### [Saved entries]
= Beginning of Section =

(* Let $I$ be a nonempty set and let $\mathcal{M}_I$ be the Banach algebra whose underlying Banach space is $\ell^1(I\times I)$ with product $(ab)(i,j)=\sum_{k\in I}a(i,k)b(k,j)$. Regard $\ell^1(I)$ as a Banach $\mathcal{M}_I$-bimodule via $(a\cdot b)(i)=\sum_{k\in I}a(i,k)b(k)$ and $(b\cdot a)(i)=\sum_{k\in I}b(k)a(k,i)$ for $a\in\mathcal{M}_I$, $b\in\ell^1(I)$, $i\in I$. Then: (i) $\ell^1(I)$ is a two sided $\mathcal{M}_I$-induced module; (ii) $\mathcal{M}_I$ is a self-induced Banach algebra.
   Context: $\hat{\otimes}$ denotes the completed projective tensor product. For a Banach algebra $A$, a right Banach $A$-module $E$ and a left Banach $A$-module $F$, $E\hat{\otimes}_A F$ is the quotient of $E\hat{\otimes}F$ by the closed linear span of $\{x\cdot a\otimes y-x\otimes a\cdot y\}$. A left Banach $A$-module $E$ is called $A$-induced if the map $\mu_E:A\hat{\otimes}_A E\to E$, $a\otimes x\mapsto a\cdot x$, is an isomorphism (of Banach modules); right induced modules are defined analogously via $E\hat{\otimes}_A A\to E$, and a bimodule is two sided induced if it is both left and right induced. A Banach algebra $A$ is self-induced if the multiplication map $A\hat{\otimes}_A A\to A$, $a\otimes b\mapsto ab$, is an isomorphism of $A$-bimodules. *)

theory Defs
  imports "HOL-Analysis.Analysis"
begin

definition l1 :: "('i \<Rightarrow> complex) set" where
  "l1 = {f. (\<lambda>i. norm (f i)) summable_on UNIV}"

definition l1norm :: "('i \<Rightarrow> complex) \<Rightarrow> real" where
  "l1norm f = (\<Sum>\<^sub>\<infinity>i. norm (f i))"

definition M_mult :: "('i \<times> 'i \<Rightarrow> complex) \<Rightarrow> ('i \<times> 'i \<Rightarrow> complex) \<Rightarrow> ('i \<times> 'i \<Rightarrow> complex)" where
  "M_mult a b = (\<lambda>(i, j). \<Sum>\<^sub>\<infinity>k. a (i, k) * b (k, j))"

definition M_lact :: "('i \<times> 'i \<Rightarrow> complex) \<Rightarrow> ('i \<Rightarrow> complex) \<Rightarrow> ('i \<Rightarrow> complex)" where
  "M_lact a b = (\<lambda>i. \<Sum>\<^sub>\<infinity>k. a (i, k) * b k)"

definition M_ract :: "('i \<Rightarrow> complex) \<Rightarrow> ('i \<times> 'i \<Rightarrow> complex) \<Rightarrow> ('i \<Rightarrow> complex)" where
  "M_ract b a = (\<lambda>i. \<Sum>\<^sub>\<infinity>k. b k * a (k, i))"

text \<open>The algebraic tensor product is realised as the free complex vector space on
  X x Y (finitely supported functions) modulo the bilinearity relations; the balanced
  relations x.a (x) y - x (x) a.y are added to the relation space.  The projective
  (quotient) seminorm is the infimum of sum |c_i| |x_i| |y_i| over representatives, and
  the completion is realised by Cauchy sequences for this seminorm.\<close>

definition fsupp :: "('p \<Rightarrow> complex) \<Rightarrow> 'p set" where
  "fsupp u = {p. u p \<noteq> 0}"

definition free_tensor :: "'x set \<Rightarrow> 'y set \<Rightarrow> ('x \<times> 'y \<Rightarrow> complex) set" where
  "free_tensor X Y = {u. finite (fsupp u) \<and> fsupp u \<subseteq> X \<times> Y}"

definition delta :: "'p \<Rightarrow> 'p \<Rightarrow> complex" where
  "delta p = (\<lambda>q. if q = p then 1 else 0)"

definition lin_span :: "('p \<Rightarrow> complex) set \<Rightarrow> ('p \<Rightarrow> complex) set" where
  "lin_span S = {u. \<exists>G c. finite G \<and> G \<subseteq> S \<and> u = (\<lambda>q. \<Sum>g\<in>G. c g * g q)}"

definition tensor_relations ::
  "('x \<Rightarrow> complex) set \<Rightarrow> ('y \<Rightarrow> complex) set \<Rightarrow> 'b set
   \<Rightarrow> (('x \<Rightarrow> complex) \<Rightarrow> 'b \<Rightarrow> ('x \<Rightarrow> complex))
   \<Rightarrow> ('b \<Rightarrow> ('y \<Rightarrow> complex) \<Rightarrow> ('y \<Rightarrow> complex))
   \<Rightarrow> (('x \<Rightarrow> complex) \<times> ('y \<Rightarrow> complex) \<Rightarrow> complex) set" where
  "tensor_relations X Y Alg rX lY =
     {(\<lambda>q. delta (\<lambda>t. a t + a' t, y) q - delta (a, y) q - delta (a', y) q) | a a' y.
         a \<in> X \<and> a' \<in> X \<and> y \<in> Y}
   \<union> {(\<lambda>q. delta (a, \<lambda>t. y t + y' t) q - delta (a, y) q - delta (a, y') q) | a y y'.
         a \<in> X \<and> y \<in> Y \<and> y' \<in> Y}
   \<union> {(\<lambda>q. delta (\<lambda>t. c * a t, y) q - c * delta (a, y) q) | c a y. a \<in> X \<and> y \<in> Y}
   \<union> {(\<lambda>q. delta (a, \<lambda>t. c * y t) q - c * delta (a, y) q) | c a y. a \<in> X \<and> y \<in> Y}
   \<union> {(\<lambda>q. delta (rX a b, y) q - delta (a, lY b y) q) | a b y.
         a \<in> X \<and> b \<in> Alg \<and> y \<in> Y}"

definition bal_seminorm ::
  "('x \<Rightarrow> complex) set \<Rightarrow> (('x \<Rightarrow> complex) \<Rightarrow> real)
   \<Rightarrow> ('y \<Rightarrow> complex) set \<Rightarrow> (('y \<Rightarrow> complex) \<Rightarrow> real) \<Rightarrow> 'b set
   \<Rightarrow> (('x \<Rightarrow> complex) \<Rightarrow> 'b \<Rightarrow> ('x \<Rightarrow> complex))
   \<Rightarrow> ('b \<Rightarrow> ('y \<Rightarrow> complex) \<Rightarrow> ('y \<Rightarrow> complex))
   \<Rightarrow> (('x \<Rightarrow> complex) \<times> ('y \<Rightarrow> complex) \<Rightarrow> complex) \<Rightarrow> real" where
  "bal_seminorm X nX Y nY Alg rX lY u =
     Inf {(\<Sum>p\<in>fsupp v. norm (v p) * nX (fst p) * nY (snd p)) | v.
            v \<in> free_tensor X Y \<and> (\<lambda>q. u q - v q) \<in> lin_span (tensor_relations X Y Alg rX lY)}"

definition tmap ::
  "(('x \<Rightarrow> complex) \<Rightarrow> ('y \<Rightarrow> complex) \<Rightarrow> ('z \<Rightarrow> complex))
   \<Rightarrow> (('x \<Rightarrow> complex) \<times> ('y \<Rightarrow> complex) \<Rightarrow> complex) \<Rightarrow> ('z \<Rightarrow> complex)" where
  "tmap m u = (\<lambda>t. \<Sum>p\<in>fsupp u. u p * m (fst p) (snd p) t)"

text \<open>The canonical map mu : X (x)^_A Y \<rightarrow> Z induced by m is an isomorphism of Banach
  spaces: it is (well defined and) bounded, and its extension to the completion
  (Cauchy sequences modulo null sequences) is bijective onto Z with bounded inverse.\<close>
definition induced_iso ::
  "('x \<Rightarrow> complex) set \<Rightarrow> (('x \<Rightarrow> complex) \<Rightarrow> real)
   \<Rightarrow> ('y \<Rightarrow> complex) set \<Rightarrow> (('y \<Rightarrow> complex) \<Rightarrow> real) \<Rightarrow> 'b set
   \<Rightarrow> (('x \<Rightarrow> complex) \<Rightarrow> 'b \<Rightarrow> ('x \<Rightarrow> complex))
   \<Rightarrow> ('b \<Rightarrow> ('y \<Rightarrow> complex) \<Rightarrow> ('y \<Rightarrow> complex))
   \<Rightarrow> (('x \<Rightarrow> complex) \<Rightarrow> ('y \<Rightarrow> complex) \<Rightarrow> ('z \<Rightarrow> complex))
   \<Rightarrow> ('z \<Rightarrow> complex) set \<Rightarrow> (('z \<Rightarrow> complex) \<Rightarrow> real) \<Rightarrow> bool" where
  "induced_iso X nX Y nY Alg rX lY m Z nZ \<longleftrightarrow>
     (let q = bal_seminorm X nX Y nY Alg rX lY;
          cauchy = (\<lambda>s. (\<forall>n. s n \<in> free_tensor X Y) \<and>
                         (\<forall>e>0. \<exists>N. \<forall>k\<ge>N. \<forall>n\<ge>N. q (\<lambda>p. s k p - s n p) < e));
          conv = (\<lambda>s z. (\<lambda>n. nZ (\<lambda>t. tmap m (s n) t - z t)) \<longlonglongrightarrow> 0)
      in (\<forall>u\<in>free_tensor X Y. tmap m u \<in> Z)
       \<and> (\<exists>C. \<forall>u\<in>free_tensor X Y. nZ (tmap m u) \<le> C * q u)
       \<and> (\<forall>z\<in>Z. \<exists>s. cauchy s \<and> conv s z)
       \<and> (\<forall>s s' z. cauchy s \<and> cauchy s' \<and> z \<in> Z \<and> conv s z \<and> conv s' z
              \<longrightarrow> (\<lambda>n. q (\<lambda>p. s n p - s' n p)) \<longlonglongrightarrow> 0)
       \<and> (\<exists>C. \<forall>s z. cauchy s \<and> z \<in> Z \<and> conv s z \<longrightarrow> lim (\<lambda>n. q (s n)) \<le> C * nZ z))"

definition l1_left_induced :: "'i itself \<Rightarrow> bool" where
  "l1_left_induced (_::'i itself) \<longleftrightarrow>
     induced_iso (l1 :: ('i \<times> 'i \<Rightarrow> complex) set) l1norm (l1 :: ('i \<Rightarrow> complex) set) l1norm
       (l1 :: ('i \<times> 'i \<Rightarrow> complex) set) M_mult M_lact M_lact (l1 :: ('i \<Rightarrow> complex) set) l1norm"

definition l1_right_induced :: "'i itself \<Rightarrow> bool" where
  "l1_right_induced (_::'i itself) \<longleftrightarrow>
     induced_iso (l1 :: ('i \<Rightarrow> complex) set) l1norm (l1 :: ('i \<times> 'i \<Rightarrow> complex) set) l1norm
       (l1 :: ('i \<times> 'i \<Rightarrow> complex) set) M_ract M_mult M_ract (l1 :: ('i \<Rightarrow> complex) set) l1norm"

definition M_self_induced :: "'i itself \<Rightarrow> bool" where
  "M_self_induced (_::'i itself) \<longleftrightarrow>
     induced_iso (l1 :: ('i \<times> 'i \<Rightarrow> complex) set) l1norm (l1 :: ('i \<times> 'i \<Rightarrow> complex) set) l1norm
       (l1 :: ('i \<times> 'i \<Rightarrow> complex) set) M_mult M_mult M_mult (l1 :: ('i \<times> 'i \<Rightarrow> complex) set) l1norm"

end

theory Submission
  imports Defs
begin

text \<open>The map \<open>\<mu>\<close> induced by a contractive balanced bilinear map kills the balancing relations
  and is bounded by the projective seminorm; it is an isomorphism onto the target \<open>\<ell>\<^sup>1\<close>-space as
  soon as its range is dense and every tensor \<open>u\<close> has representatives of projective cost at most
  \<open>\<parallel>\<mu> u\<parallel> + \<epsilon>\<close>. Fix an index \<open>i\<^sub>0\<close>. For \<open>\<ell>\<^sup>1(I)\<close> as a left module, balancing moves everything
  into the left factor: \<open>a \<otimes> x \<equiv> a c\<^sub>x \<otimes> \<delta>\<^sub>i\<^sub>0 = c\<^sub>a\<^sub>x \<otimes> \<delta>\<^sub>i\<^sub>0\<close>, where \<open>c\<^sub>x\<close> has column \<open>i\<^sub>0\<close>
  equal to \<open>x\<close>; so \<open>u \<equiv> c\<^sub>\<mu>\<^sub>u \<otimes> \<delta>\<^sub>i\<^sub>0\<close>, of cost exactly \<open>\<parallel>\<mu> u\<parallel>\<close>, and symmetrically on the right. For
  \<open>\<M>\<^sub>I\<close> there is no such exact representative: one keeps finitely many rows \<open>i \<in> K\<close> of the left
  factors, writes row \<open>i\<close> as \<open>E\<^sub>i\<^sub>i\<^sub>0\<close> times that row moved to row \<open>i\<^sub>0\<close>, and balances \<open>E\<^sub>i\<^sub>i\<^sub>0\<close> across;
  the resulting terms recombine into the rows of \<open>\<mu> u\<close>, while the discarded rows have small mass.\<close>

lemma l1_summable: "f \<in> l1 \<Longrightarrow> f summable_on UNIV"
  by (simp add: l1_def summable_on_iff_abs_summable_on_complex)

lemma l1norm_nonneg: "l1norm f \<ge> 0"
  unfolding l1norm_def by (rule infsum_nonneg) simp

lemma l1_dominated:
  assumes "g summable_on UNIV" "\<And>i. norm (f i) \<le> g i"
  shows "f \<in> l1" "l1norm f \<le> infsum g UNIV"
proof -
  have "(\<lambda>i. norm (f i)) summable_on UNIV"
    by (rule summable_on_comparison_test[OF assms(1)]) (use assms(2) in auto)
  then show "f \<in> l1" by (simp add: l1_def)
  then show "l1norm f \<le> infsum g UNIV" unfolding l1norm_def
    by (intro infsum_mono) (use assms in \<open>auto simp: l1_def\<close>)
qed

lemma l1_comparison:
  assumes "g \<in> l1" "\<And>i. norm (f i) \<le> C * norm (g i)"
  shows "f \<in> l1" "l1norm f \<le> C * l1norm g"
proof -
  have s: "(\<lambda>i. C * norm (g i)) summable_on UNIV"
    using assms(1) by (intro summable_on_cmult_right) (simp add: l1_def)
  show "f \<in> l1" by (rule l1_dominated(1)[OF s assms(2)])
  show "l1norm f \<le> C * l1norm g"
    using l1_dominated(2)[OF s assms(2)] by (simp add: l1norm_def infsum_cmult_right')
qed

= End of Section =

### [Assignment]
Repeat, without change, each line of the data above from the one that contains "l1_dominated(1)[OF s assms(2)])" through the final line, counting both.

### [Response to the task]
  show "f \<in> l1" by (rule l1_dominated(1)[OF s assms(2)])
  show "l1norm f \<le> C * l1norm g"
    using l1_dominated(2)[OF s assms(2)] by (simp add: l1norm_def infsum_cmult_right')
qed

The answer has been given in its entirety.